12. Mr. Apte on behalf of the respondent raised a preliminary objection that the appeal abates as a whole and. therefore, the merits of the plaintiff's case against the other surviving defendants cannot be considered.

13. It appears that during the pendency of this appeal defendant No. 1 died. plaintiff had not taken any action for bringing the heirs of defendant No. 1 on record. Mr. Apte, therefore, submitted that this was a suit against several co-sharers. The decree in favour of Defendant No. 1 cannot be confirmed unless the appeal is dismissed on the ground of abatement. Otherwise there will be conflicting decrees one in favour of the plaintiff and the other in favour of the legal representatives of defendant No. 1.
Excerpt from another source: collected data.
lemma dyadic_defect_vanishes_limit:
  fixes U :: "nat \<Rightarrow> real \<Rightarrow> real"
  assumes u: "L2_01 u" and U: "\<And>m. L2_01 (U m)" "\<And>m. dyadic_defect_vanishes (U m)"
    and lim: "\<And>t. (\<lambda>m. U m t) \<longlonglongrightarrow> u t"
    and bound: "\<And>m t. (u t - U m t)\<^sup>2 \<le> w t" "set_integrable lborel {0..1} w"
  shows "dyadic_defect_vanishes u"
  unfolding dyadic_defect_vanishes_def
proof (rule LIMSEQ_I)
  fix r :: real
  assume "0 < r"
  have "(\<lambda>m. LBINT t:{0..1}. (u t - U m t)\<^sup>2) \<longlonglongrightarrow> 0"
    using u U(1) lim bound by (intro L2_01_tendsto_dominated) auto
  from LIMSEQ_D[OF this, of "r / 4"] \<open>0 < r\<close>
  obtain m where m: "norm ((LBINT t:{0..1}. (u t - U m t)\<^sup>2) - 0) < r / 4"
    by (meson order_refl zero_less_divide_iff zero_less_numeral)
  obtain N where N: "\<And>n. N \<le> n \<Longrightarrow> norm (dyadic_defect n (U m) - 0) < r / 4"
    using LIMSEQ_D[OF U(2)[of m, unfolded dyadic_defect_vanishes_def], of "r / 4"] \<open>0 < r\<close>
    by fastforce
  have "norm (dyadic_defect n u - 0) < r" if "N \<le> n" for n
  proof -
    have "dyadic_defect n u = dyadic_defect n (\<lambda>s. U m s + (u s - U m s))"
      by simp
    also have "\<dots> \<le> 2 * dyadic_defect n (U m) + 2 * dyadic_defect n (\<lambda>s. u s - U m s)"
      using U(1) u by (intro dyadic_defect_add_le L2_01_diff)
    also have "dyadic_defect n (\<lambda>s. u s - U m s) \<le> (LBINT t:{0..1}. (u t - U m t)\<^sup>2)"
      using U(1) u by (intro dyadic_defect_le L2_01_diff)
    finally show ?thesis
      using N[OF that] m dyadic_defect_nonneg[of n u] by (simp add: abs_less_iff)
  qed
  then show "\<exists>N. \<forall>n\<ge>N. norm (dyadic_defect n u - 0) < r"
    by blast
qed

lemma dyadic_defect_vanishes_indicator_atMost: "dyadic_defect_vanishes (indicator {..a})"
  unfolding dyadic_defect_vanishes_def
proof (rule tendsto_sandwich[where f="\<lambda>_. 0"])
  show "(\<lambda>n. 1 / 2^n :: real) \<longlonglongrightarrow> 0"
    by (simp add: divide_inverse LIMSEQ_inverse_realpow_zero)
qed (use dyadic_defect_indicator_atMost dyadic_defect_nonneg in auto)
text \<open>
  In the orthonormal frame (u, v) the clients sit at (\<delta>/2, \<plusminus>\<epsilon>), (\<delta>/2, \<plusminus>\<epsilon>) and (-\<delta>, 0),
  so the true mean is 0. When Z1 = Z2 the first two clients coincide; then both
  medians and Krum return that point, at squared distance \<delta>^2/4 + \<epsilon>^2 from 0. When
  Z1 \<noteq> Z2 the coordinate-wise median is (\<delta>/2 - \<epsilon>, 0) and the geometric median is
  still not 0, so averaging over the four equally likely outcomes exceeds
  \<delta>^2/8 + \<epsilon>^2/2. Krum never selects the outlier -\<delta>u, because the other two clients
  are at distance at most 2\<epsilon> < \<delta> from each other, while the outlier is at distance at
  least 3\<delta>/2 from both.
\<close>

definition uv_point :: "real \<Rightarrow> real \<Rightarrow> real^2" where
  "uv_point a b = a *\<^sub>R uvec + b *\<^sub>R vvec"

lemma uv_point_nth:
  "uv_point a b $ 1 = (b - a) / sqrt 2"
  "uv_point a b $ 2 = (a + b) / sqrt 2"
  by (simp_all add: uv_point_def uvec_def vvec_def field_simps)

lemma norm_uv_point_sq: "(norm (uv_point a b))\<^sup>2 = a\<^sup>2 + b\<^sup>2"
proof -
  have "(norm (uv_point a b))\<^sup>2 = ((b - a) / sqrt 2)\<^sup>2 + ((a + b) / sqrt 2)\<^sup>2"
    unfolding power2_norm_eq_inner inner_vec_def sum_2 uv_point_nth
    by (simp add: power2_eq_square)
  also have "\<dots> = a\<^sup>2 + b\<^sup>2"
    by (simp add: power_divide power2_eq_square field_simps)
  finally show ?thesis .
qed

lemma norm_uv_point: "norm (uv_point a b) = sqrt (a\<^sup>2 + b\<^sup>2)"
  by (metis norm_uv_point_sq norm_ge_zero real_sqrt_unique)

lemma uv_point_diff: "uv_point a b - uv_point c d = uv_point (a - c) (b - d)"
  and uv_point_add: "uv_point a b + uv_point c d = uv_point (a + c) (b + d)"
  and scaleR_uv_point: "r *\<^sub>R uv_point a b = uv_point (r * a) (r * b)"
  and uv_point_zero: "uv_point 0 0 = 0"
  by (simp_all add: uv_point_def algebra_simps)

definition rademacher :: "bool \<Rightarrow> real" where
  "rademacher b = 2 * of_bool b - 1"

lemma rademacher_sq [simp]: "(rademacher b)\<^sup>2 = 1"
  by (cases b) (simp_all add: rademacher_def)

lemma grad_uv_point:
  "grad \<delta> \<epsilon> 1 z = uv_point (\<delta>/2) (\<epsilon> * rademacher (fst z))"
  "grad \<delta> \<epsilon> 2 z = uv_point (\<delta>/2) (\<epsilon> * rademacher (snd z))"
  "grad \<delta> \<epsilon> 3 z = uv_point (-\<delta>) 0"
  by (simp_all add: grad_def uv_point_def rademacher_def)

lemma expectation_Zpmf:
  fixes f :: "bool \<times> bool \<Rightarrow> 'b::{banach, second_countable_topology}"
  shows "measure_pmf.expectation Zpmf f =
    (1/4) *\<^sub>R (f (True, True) + f (True, False) + f (False, True) + f (False, False))"
proof -
  have "measure_pmf.expectation Zpmf f = (\<Sum>a\<in>UNIV. pmf Zpmf a *\<^sub>R f a)"
    by (rule integral_measure_pmf) auto
  also have "UNIV = {(True, True), (True, False), (False, True), (False, False)}"
    by auto
  finally show ?thesis
    by (simp add: Zpmf_def pmf_pair scaleR_add_right)
qed

lemma expectation_grad:
  "measure_pmf.expectation Zpmf (grad \<delta> \<epsilon> 1) = uv_point (\<delta>/2) 0"
  "measure_pmf.expectation Zpmf (grad \<delta> \<epsilon> 2) = uv_point (\<delta>/2) 0"
  "measure_pmf.expectation Zpmf (grad \<delta> \<epsilon> 3) = uv_point (-\<delta>) 0"
  by (simp_all only: expectation_Zpmf grad_uv_point uv_point_add scaleR_uv_point fst_conv snd_conv)
     (simp_all add: rademacher_def)

lemma mean_expectation_grad_eq_0:
  "(1/3) *\<^sub>R (measure_pmf.expectation Zpmf (grad \<delta> \<epsilon> 1)
     + measure_pmf.expectation Zpmf (grad \<delta> \<epsilon> 2) + measure_pmf.expectation Zpmf (grad \<delta> \<epsilon> 3)) = 0"
  unfolding expectation_grad uv_point_add scaleR_uv_point by (simp add: uv_point_zero)

lemma variance_grad_le:
  assumes "i \<in> {1, 2, 3}"
  shows "measure_pmf.expectation Zpmf
    (\<lambda>z. (norm (grad \<delta> \<epsilon> i z - measure_pmf.expectation Zpmf (grad \<delta> \<epsilon> i)))\<^sup>2) \<le> \<epsilon>\<^sup>2"
  using assms
  by (auto simp only: grad_uv_point expectation_grad uv_point_diff norm_uv_point_sq
      insert_iff empty_iff) (simp_all add: power_mult_distrib)

lemma bias_grad_le:
  assumes "0 \<le> \<delta>" and "i \<in> {1, 2, 3}"
  shows "norm (measure_pmf.expectation Zpmf (grad \<delta> \<epsilon> i)) \<le> \<delta>"
  using assms
  by (auto simp only: expectation_grad norm_uv_point insert_iff empty_iff) simp_all

lemma med3_divide: "med3 (x / c) (y / c) (z / c) = med3 x y z / c" if "c > 0"
  using that unfolding med3_def
  by (simp add: max_divide_distrib_right min_divide_distrib_right)

lemma cw_median3_grad:
  assumes "0 < \<epsilon>" and "2 * \<epsilon> < \<delta>"
  shows "cw_median3 (grad \<delta> \<epsilon> 1 z) (grad \<delta> \<epsilon> 2 z) (grad \<delta> \<epsilon> 3 z) =
    (if fst z = snd z then uv_point (\<delta>/2) (\<epsilon> * rademacher (fst z)) else uv_point (\<delta>/2 - \<epsilon>) 0)"
proof -
  have "sqrt 2 > 0" by simp
  with assms show ?thesis
    unfolding cw_median3_def grad_uv_point
    by (simp only: vec_eq_iff forall_2 vec_lambda_beta uv_point_nth med3_divide)
       (cases "fst z"; cases "snd z"; simp add: uv_point_nth rademacher_def med3_def max_def min_def)
qed

lemma cw_median3_risk:
  assumes "0 < \<epsilon>" and "2 * \<epsilon> < \<delta>"
  shows "measure_pmf.expectation Zpmf
      (\<lambda>z. (norm (cw_median3 (grad \<delta> \<epsilon> 1 z) (grad \<delta> \<epsilon> 2 z) (grad \<delta> \<epsilon> 3 z)))\<^sup>2)
    = \<delta>\<^sup>2 / 8 + \<epsilon>\<^sup>2 / 2 + (\<delta>/2 - \<epsilon>)\<^sup>2 / 2"
  unfolding expectation_Zpmf cw_median3_grad[OF assms]
  by (simp add: norm_uv_point_sq power_mult_distrib power_divide)

lemma is_geom_median_le:
  assumes "is_geom_median g x"
  shows "norm (x - g 1) + norm (x - g 2) + norm (x - g 3) \<le> norm (y - g 1) + norm (y - g 2) + norm (y - g 3)"
  using assms unfolding is_geom_median_def by (simp add: add.assoc)

lemma is_geom_median_double_point:
  assumes "is_geom_median g x" and "g 1 = g 2"
  shows "x = g 1"
proof -
  have "norm (x - g 1) + norm (x - g 2) + norm (x - g 3) \<le> norm (g 1 - g 1) + norm (g 1 - g 2) + norm (g 1 - g 3)"
    using is_geom_median_le[OF assms(1)] .
  moreover have "norm (g 1 - g 3) \<le> norm (x - g 3) + norm (x - g 1)"
    using norm_triangle_ineq4[of "x - g 3" "x - g 1"] by simp
  moreover have "norm (g 1 - g 1) = 0"
    by simp
  ultimately have "norm (x - g 1) \<le> 0"
    unfolding assms(2) by linarith
  then show ?thesis by simp
qed

lemma is_geom_median_nonzero:
  assumes "0 < \<epsilon>" and "2 * \<epsilon> < \<delta>" and "a\<^sup>2 = \<epsilon>\<^sup>2"
    and g: "g 1 = uv_point (\<delta>/2) a" "g 2 = uv_point (\<delta>/2) (-a)" "g 3 = uv_point (-\<delta>) 0"
    and "is_geom_median g x"
  shows "x \<noteq> 0"
proof
  assume "x = 0"
  \<comment> \<open>Sliding 0 along u towards the pair g 1, g 2 lowers the total distance; the
      comparison reduces to (\<delta> - 3\<epsilon>/2)(\<delta> - 5\<epsilon>/6) > 0.\<close>
  define y where "y = uv_point (\<delta>/2 - 3*\<epsilon>/4) 0"
  have sum_x: "norm (x - g 1) + norm (x - g 2) + norm (x - g 3) = 2 * sqrt (\<delta>\<^sup>2/4 + \<epsilon>\<^sup>2) + \<delta>"
    using \<open>x = 0\<close> assms(1,2,3) unfolding g
    by (simp add: uv_point_zero[symmetric] uv_point_diff norm_uv_point power_divide)
  have "norm (y - g 1) = sqrt ((5*\<epsilon>/4)\<^sup>2)" "norm (y - g 2) = sqrt ((5*\<epsilon>/4)\<^sup>2)"
    using assms(3) unfolding g by (simp_all add: y_def uv_point_diff norm_uv_point power2_eq_square)
  moreover have "norm (y - g 3) = sqrt ((3*\<delta>/2 - 3*\<epsilon>/4)\<^sup>2)"
    unfolding g by (simp add: y_def uv_point_diff norm_uv_point algebra_simps)
  ultimately have sum_y: "norm (y - g 1) + norm (y - g 2) + norm (y - g 3) = 3*\<delta>/2 + 7*\<epsilon>/4"
    using assms(1,2) by simp
  have "(\<delta>/2 + 7*\<epsilon>/4)\<^sup>2 < (2 * sqrt (\<delta>\<^sup>2/4 + \<epsilon>\<^sup>2))\<^sup>2"
  proof -
    have "0 < (\<delta> - 3*\<epsilon>/2) * (\<delta> - 5*\<epsilon>/6)"
      using assms(1,2) by (intro mult_pos_pos) auto
    then show ?thesis
      by (simp add: power_mult_distrib power2_eq_square field_simps)
  qed
  then have "\<delta>/2 + 7*\<epsilon>/4 < 2 * sqrt (\<delta>\<^sup>2/4 + \<epsilon>\<^sup>2)"
    by (rule power2_less_imp_less) simp
  with is_geom_median_le[OF assms(7), of y] sum_x sum_y show False
    by linarith
qed

lemma geom_median_risk_gt:
  assumes "0 < \<epsilon>" and "2 * \<epsilon> < \<delta>"
    and gm: "\<And>z. is_geom_median (\<lambda>i. grad \<delta> \<epsilon> i z) (gm z)"
  shows "measure_pmf.expectation Zpmf (\<lambda>z. (norm (gm z))\<^sup>2) > \<delta>\<^sup>2 / 8 + \<epsilon>\<^sup>2 / 2"
proof -
  have agree: "(norm (gm (b, b)))\<^sup>2 = \<delta>\<^sup>2/4 + \<epsilon>\<^sup>2" for b
  proof -
    have "gm (b, b) = grad \<delta> \<epsilon> 1 (b, b)"
      using is_geom_median_double_point[OF gm] by (simp add: grad_def)
    then show ?thesis
      unfolding grad_uv_point by (simp add: norm_uv_point_sq power_mult_distrib power_divide)
  qed
  have "gm (True, False) \<noteq> 0"
    by (rule is_geom_median_nonzero[OF assms(1,2), of \<epsilon>, OF _ _ _ _ gm])
      (simp_all only: grad_uv_point, simp_all add: rademacher_def)
  moreover have "gm (False, True) \<noteq> 0"
    by (rule is_geom_median_nonzero[OF assms(1,2), of "-\<epsilon>", OF _ _ _ _ gm])
      (simp_all only: grad_uv_point, simp_all add: rademacher_def)
  ultimately show ?thesis
    unfolding expectation_Zpmf agree by (simp add: add_pos_pos)
qed

lemma krum_score_eq:
  "krum_score g 1 = min ((norm (g 1 - g 2))\<^sup>2) ((norm (g 1 - g 3))\<^sup>2)"
  "krum_score g 3 = min ((norm (g 3 - g 1))\<^sup>2) ((norm (g 3 - g 2))\<^sup>2)"
proof -
  have "{1, 2, 3} - {1::nat} = {2, 3}" "{1, 2, 3} - {3::nat} = {1, 2}"
    by auto
  then show "krum_score g 1 = min ((norm (g 1 - g 2))\<^sup>2) ((norm (g 1 - g 3))\<^sup>2)"
    "krum_score g 3 = min ((norm (g 3 - g 1))\<^sup>2) ((norm (g 3 - g 2))\<^sup>2)"
    unfolding krum_score_def by simp_all
qed

lemma is_krum_choice_not_outlier:
  assumes "norm (g 1 - g 2) < norm (g 3 - g 1)" and "norm (g 1 - g 2) < norm (g 3 - g 2)"
    and "is_krum_choice g k"
  shows "k \<in> {1, 2}"
proof -
  have "krum_score g 1 < krum_score g 3"
    using assms(1,2) unfolding krum_score_eq
    by (simp add: min_less_iff_disj power_strict_mono)
  with assms(3) show ?thesis
    unfolding is_krum_choice_def by force
qed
14. It appears that defendants I to 4 belong to the same family as they are the sons of Pandurang Ilag. Defendant No.5 is a stranger. All these defendants together have 1/3 share in the suit well. As the parties, i.e. the defendants 1 to 4 belong to a Hindu family. there is a presumption that it is a joint family. There is nothing on the record to show that there was any partition or severance of status in this family. Even after the death of defendant No. 1 the estate is effectively represented by the other members of the joint family. It, therefore, follows that after the death of defendant No. 1 the appeal against the other defendants did not abate. There is no substance in the objection raised by Mr. Apte.

15. In the result the appeal is allowed. The decrees passed by the lower appellate Court and the trail Court are both set aside. A decree for declaration of the plaintiff's right and defendants from interfering with her right of taking water from the suit well will be drawn up consistent with the findings made by me above. There will be no order as to costs throughout.

16. Appeal allowed.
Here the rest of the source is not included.